As a young boy, however, Father Titonea lived in his grandparents’ rural village, where traditions glowed brightly. 

First, the season began with the annual slaughtering of the family’s fatted pig. Father Titonea said a portion of the meat makes for a succulent feast. 

“I remember one of the best things was fresh sausage fried with mashed potatoes,” he said. “That was really delicious. And after that, for the new year, they have meatball soup. Now that was very, very good.” 

The rest of the pork is preserved, usually in a smoker, to serve throughout the year. 

Caroling begins on Christmas Eve, with participants dressed up in colorful folk attire. Their singing is rewarded with sweets, fruit, traditional cakes called cozonaci, and sometimes money. 

“Everybody in the village was so, so happy,” Father Titonea said. “At every door, people were happy to receive them, and their singing, to bring the good news that Christ is born.” 

‘God hugged us’ 

Garifuna is not on any map because it’s not a country. It’s a language with origins in the Caribbean Island of St. Vincent. 

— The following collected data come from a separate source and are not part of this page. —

theorem mainTheorem1:
  fixes \<Omega> :: "(real \<times> real) set"
    and f1 f2 c0 c1 c2 :: "real \<Rightarrow> real"
    and x1 x2 y1 y2 :: real
  assumes "open \<Omega>" and "connected \<Omega>"
    and "smooth_pos f1" "smooth_pos f2" "smooth_pos c0" "smooth_pos c1" "smooth_pos c2"
    and "(x1, x2) \<in> \<Omega>" and "(y1, y2) \<noteq> (0, 0)"
    and "(sp_r x1 x2)\<^sup>2 - (sp_s x1 x2 y1 y2)\<^sup>2 > 0"
  shows "(\<forall>i\<in>{1,2}. \<forall>j\<in>{1,2}.
            mean_berwald (sprayG f1 f2 c0 c1 c2) i j x1 x2 y1 y2 = 0)
       \<and> Hfun f1 f2 c0 c1 c2 (sp_r x1 x2) (sp_s x1 x2 y1 y2)
           = (sp_r x1 x2)\<^sup>2 * (3 * f2 (sp_r x1 x2) + (sp_r x1 x2)\<^sup>2 * c1 (sp_r x1 x2))
             / sqrt ((sp_r x1 x2)\<^sup>2 - (sp_s x1 x2 y1 y2)\<^sup>2)
       \<and> (3 * f2 (sp_r x1 x2) + (sp_r x1 x2)\<^sup>2 * c1 (sp_r x1 x2) \<noteq> 0 \<longrightarrow>
            Hfun f1 f2 c0 c1 c2 (sp_r x1 x2) (sp_s x1 x2 y1 y2) \<noteq> 0
            \<and> (\<forall>i\<in>{1,2}. \<forall>j\<in>{1,2}. mean_berwald (sprayG f1 f2 c0 c1 c2) i j x1 x2 y1 y2 = 0))"
proof -
  \<comment> \<open>Only y-derivatives at fixed x and s-derivatives at fixed r occur.\<close>
  have "sp_u y1 y2 > 0"
    using assms(9) by (simp add: sp_u_def sum_power2_gt_zero_iff)
  moreover have "sqrt ((sp_r x1 x2)\<^sup>2 - (sp_s x1 x2 y1 y2)\<^sup>2) > 0"
    using assms(10) by simp
  ultimately have "x1 * y2 - x2 * y1 \<noteq> 0"
    using sp_u_mult_sqrt_eq_abs_det[of y1 y2 x1 x2] by force
  then have E: "mean_berwald (sprayG f1 f2 c0 c1 c2) i j x1 x2 y1 y2 = 0" for i j
    by (rule mean_berwald_sprayG_eq_0)
  have "(sp_r x1 x2)\<^sup>2 > 0"
    using assms(10) zero_le_power2[of "sp_s x1 x2 y1 y2"] by linarith
  with assms(10) E Hfun_eq[OF assms(10)] show ?thesis
    by auto
qed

The language evolved into a blend of mostly Arawak, French, and Spanish, as its speakers moved to the eastern coasts of Central America in the late 1700s and early 1800s. 

A century later, pockets of Garifuna speakers — most of them Catholic — settled in New York City, now home to about 250,000 of them, with most being in the Bronx and Brooklyn. 

But their ancestors had already been celebrating Christmas for a few hundred years, said Matias Mejia of Brooklyn, who speaks Garifuna. 

“Jesus Christ was born into our culture,” Mejia said. “So we talk about the incarnation, and for us, that means God hugged us with his love.” 

Mejia, who is from Honduras, teaches Spanish in New York public schools, but Garifuna is his first language. With his family, he worships at Our Lady of Mercy Parish in Brownsville, one of two in the diocese with Garifuna-speaking people. The other is St. Gabriel the Archangel, part of Mary, Mother of the Church Parish in East New York. 

Mejia explained how African people working on St. Vincent plantations intermarried with the indigenous Arawak people. Their descendants moved east across the Caribbean Sea and settled in Honduras, Guatemala, and Belize. Missionaries from Spain brought Catholicism and Christmas to Garifuna speakers, Mejia said. 

To celebrate, the Garifuna speakers enjoy traditional dances, like those from the Jankunú festival. Feasting ensues, he added, with 32 special dishes, many based on seafood like red snapper and sea bass. Other recipes feature plantains and rice, and beans. 

“God hugged us into fraternity and solidarity so that we consider everybody in the world our brother or sister — a big family,” Mejia said. “Christmas brings us together.”